__Data under study__.
lemma symmetric_mat_sandwich:
  "symmetric_mat P \<Longrightarrow> symmetric_mat X \<Longrightarrow> symmetric_mat (P ** X ** P)"
  unfolding symmetric_mat_def by (simp add: matrix_transpose_mul matrix_mul_assoc)

lemma symmetric_mat_square: "symmetric_mat A \<Longrightarrow> symmetric_mat (A ** A)"
  unfolding symmetric_mat_def by (simp add: matrix_transpose_mul)

lemma inner_symmetric_mat:
  assumes "symmetric_mat S"
  shows "x \<bullet> (S *v y) = (S *v x) \<bullet> y"
  by (metis assms dot_lmul_matrix symmetric_mat_def transpose_matrix_vector)

lemma matrix_inv_cancel:
  fixes A :: "'a::field^'n^'n"
  assumes "invertible A"
  shows "A ** matrix_inv A = mat 1" "matrix_inv A ** A = mat 1"
  using someI_ex[OF assms[unfolded invertible_def]] unfolding matrix_inv_def by auto

lemma matrix_inv_unique:
  fixes A :: "'a::field^'n^'n"
  assumes "invertible A" "A ** B = mat 1"
  shows "matrix_inv A = B"
  by (metis assms matrix_inv_cancel(2) matrix_mul_assoc matrix_mul_lid matrix_mul_rid)

lemma matrix_inv_matrix_inv:
  fixes A :: "'a::field^'n^'n"
  assumes "invertible A"
  shows "invertible (matrix_inv A)" "matrix_inv (matrix_inv A) = A"
proof -
  show inv: "invertible (matrix_inv A)"
    using matrix_inv_cancel[OF assms] invertible_def by blast
  show "matrix_inv (matrix_inv A) = A"
    by (rule matrix_inv_unique[OF inv matrix_inv_cancel(2)[OF assms]])
qed

lemma symmetric_matrix_inv:
  fixes A :: "real^'n^'n"
  assumes "symmetric_mat A" "invertible A"
  shows "symmetric_mat (matrix_inv A)"
proof -
  note cancel = matrix_inv_cancel[OF assms(2)]
  have left: "transpose (matrix_inv A) ** A = mat 1"
    using arg_cong[OF cancel(1), of transpose] assms(1)
    by (simp add: matrix_transpose_mul symmetric_mat_def)
  have "transpose (matrix_inv A) = (transpose (matrix_inv A) ** A) ** matrix_inv A"
    by (simp add: cancel flip: matrix_mul_assoc)
  then show ?thesis
    by (simp add: left symmetric_mat_def)
qed

lemma matrix_inv_diff:
  fixes A B :: "'a::field^'n^'n"
  assumes "invertible A" "invertible B"
  shows "matrix_inv A - matrix_inv B = matrix_inv A ** (B - A) ** matrix_inv B"
proof -
  have "matrix_inv A ** (B - A) ** matrix_inv B
      = matrix_inv A ** (B ** matrix_inv B) - (matrix_inv A ** A) ** matrix_inv B"
    by (simp add: matrix_diff_ldistrib matrix_diff_rdistrib matrix_mul_assoc)
  then show ?thesis
    by (simp add: matrix_inv_cancel assms)
qed

section \<open>Rayleigh quotients and spectral bounds\<close>

lemma in_spec_iff: "l \<in> spec A \<longleftrightarrow> (\<exists>v. v \<noteq> 0 \<and> A *v v = l *\<^sub>R v)"
  by (simp add: spec_def scalar_mult_eq_scaleR)

lemma linear_coeff_eq_0_if_quadratic_nonpos:
  fixes B C :: real
  assumes "\<And>t. t * B + t\<^sup>2 * C \<le> 0"
  shows "B = 0"
proof (rule ccontr)
  assume "B \<noteq> 0"
  define e where "e = \<bar>C\<bar> + 1"
  have "e > 0" "e + C > 0"
    unfolding e_def by linarith+
  then have "(B / e) * B + (B / e)\<^sup>2 * C = B\<^sup>2 * (e + C) / e\<^sup>2"
    by (simp add: field_simps power2_eq_square)
  also have "\<dots> > 0"
    using \<open>B \<noteq> 0\<close> \<open>e > 0\<close> \<open>e + C > 0\<close> by simp
  finally show False
    using assms[of "B / e"] by simp
qed

lemma quadratic_form_add_scaleR:
  assumes "symmetric_mat S"
  shows "(x + t *\<^sub>R y) \<bullet> (S *v (x + t *\<^sub>R y))
       = x \<bullet> (S *v x) + 2 * t * ((S *v x) \<bullet> y) + t\<^sup>2 * (y \<bullet> (S *v y))"
  using inner_symmetric_mat[OF assms, of x y]
  by (simp add: matrix_vector_right_distrib matrix_vector_mult_scaleR inner_add_left
      inner_add_right inner_commute algebra_simps power2_eq_square)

__Goal of the exercise__. The records above need to be retyped in full, exactly as given.

__Result of the exercise__.
lemma symmetric_mat_sandwich:
  "symmetric_mat P \<Longrightarrow> symmetric_mat X \<Longrightarrow> symmetric_mat (P ** X ** P)"
  unfolding symmetric_mat_def by (simp add: matrix_transpose_mul matrix_mul_assoc)

lemma symmetric_mat_square: "symmetric_mat A \<Longrightarrow> symmetric_mat (A ** A)"
  unfolding symmetric_mat_def by (simp add: matrix_transpose_mul)

lemma inner_symmetric_mat:
  assumes "symmetric_mat S"
  shows "x \<bullet> (S *v y) = (S *v x) \<bullet> y"
  by (metis assms dot_lmul_matrix symmetric_mat_def transpose_matrix_vector)

lemma matrix_inv_cancel:
  fixes A :: "'a::field^'n^'n"
  assumes "invertible A"
  shows "A ** matrix_inv A = mat 1" "matrix_inv A ** A = mat 1"
  using someI_ex[OF assms[unfolded invertible_def]] unfolding matrix_inv_def by auto

lemma matrix_inv_unique:
  fixes A :: "'a::field^'n^'n"
  assumes "invertible A" "A ** B = mat 1"
  shows "matrix_inv A = B"
  by (metis assms matrix_inv_cancel(2) matrix_mul_assoc matrix_mul_lid matrix_mul_rid)

lemma matrix_inv_matrix_inv:
  fixes A :: "'a::field^'n^'n"
  assumes "invertible A"
  shows "invertible (matrix_inv A)" "matrix_inv (matrix_inv A) = A"
proof -
  show inv: "invertible (matrix_inv A)"
    using matrix_inv_cancel[OF assms] invertible_def by blast
  show "matrix_inv (matrix_inv A) = A"
    by (rule matrix_inv_unique[OF inv matrix_inv_cancel(2)[OF assms]])
qed

lemma symmetric_matrix_inv:
  fixes A :: "real^'n^'n"
  assumes "symmetric_mat A" "invertible A"
  shows "symmetric_mat (matrix_inv A)"
proof -
  note cancel = matrix_inv_cancel[OF assms(2)]
  have left: "transpose (matrix_inv A) ** A = mat 1"
    using arg_cong[OF cancel(1), of transpose] assms(1)
    by (simp add: matrix_transpose_mul symmetric_mat_def)
  have "transpose (matrix_inv A) = (transpose (matrix_inv A) ** A) ** matrix_inv A"
    by (simp add: cancel flip: matrix_mul_assoc)
  then show ?thesis
    by (simp add: left symmetric_mat_def)
qed

lemma matrix_inv_diff:
  fixes A B :: "'a::field^'n^'n"
  assumes "invertible A" "invertible B"
  shows "matrix_inv A - matrix_inv B = matrix_inv A ** (B - A) ** matrix_inv B"
proof -
  have "matrix_inv A ** (B - A) ** matrix_inv B
      = matrix_inv A ** (B ** matrix_inv B) - (matrix_inv A ** A) ** matrix_inv B"
    by (simp add: matrix_diff_ldistrib matrix_diff_rdistrib matrix_mul_assoc)
  then show ?thesis
    by (simp add: matrix_inv_cancel assms)
qed

section \<open>Rayleigh quotients and spectral bounds\<close>

lemma in_spec_iff: "l \<in> spec A \<longleftrightarrow> (\<exists>v. v \<noteq> 0 \<and> A *v v = l *\<^sub>R v)"
  by (simp add: spec_def scalar_mult_eq_scaleR)

lemma linear_coeff_eq_0_if_quadratic_nonpos:
  fixes B C :: real
  assumes "\<And>t. t * B + t\<^sup>2 * C \<le> 0"
  shows "B = 0"
proof (rule ccontr)
  assume "B \<noteq> 0"
  define e where "e = \<bar>C\<bar> + 1"
  have "e > 0" "e + C > 0"
    unfolding e_def by linarith+
  then have "(B / e) * B + (B / e)\<^sup>2 * C = B\<^sup>2 * (e + C) / e\<^sup>2"
    by (simp add: field_simps power2_eq_square)
  also have "\<dots> > 0"
    using \<open>B \<noteq> 0\<close> \<open>e > 0\<close> \<open>e + C > 0\<close> by simp
  finally show False
    using assms[of "B / e"] by simp
qed

lemma quadratic_form_add_scaleR:
  assumes "symmetric_mat S"
  shows "(x + t *\<^sub>R y) \<bullet> (S *v (x + t *\<^sub>R y))
       = x \<bullet> (S *v x) + 2 * t * ((S *v x) \<bullet> y) + t\<^sup>2 * (y \<bullet> (S *v y))"
  using inner_symmetric_mat[OF assms, of x y]
  by (simp add: matrix_vector_right_distrib matrix_vector_mult_scaleR inner_add_left
      inner_add_right inner_commute algebra_simps power2_eq_square)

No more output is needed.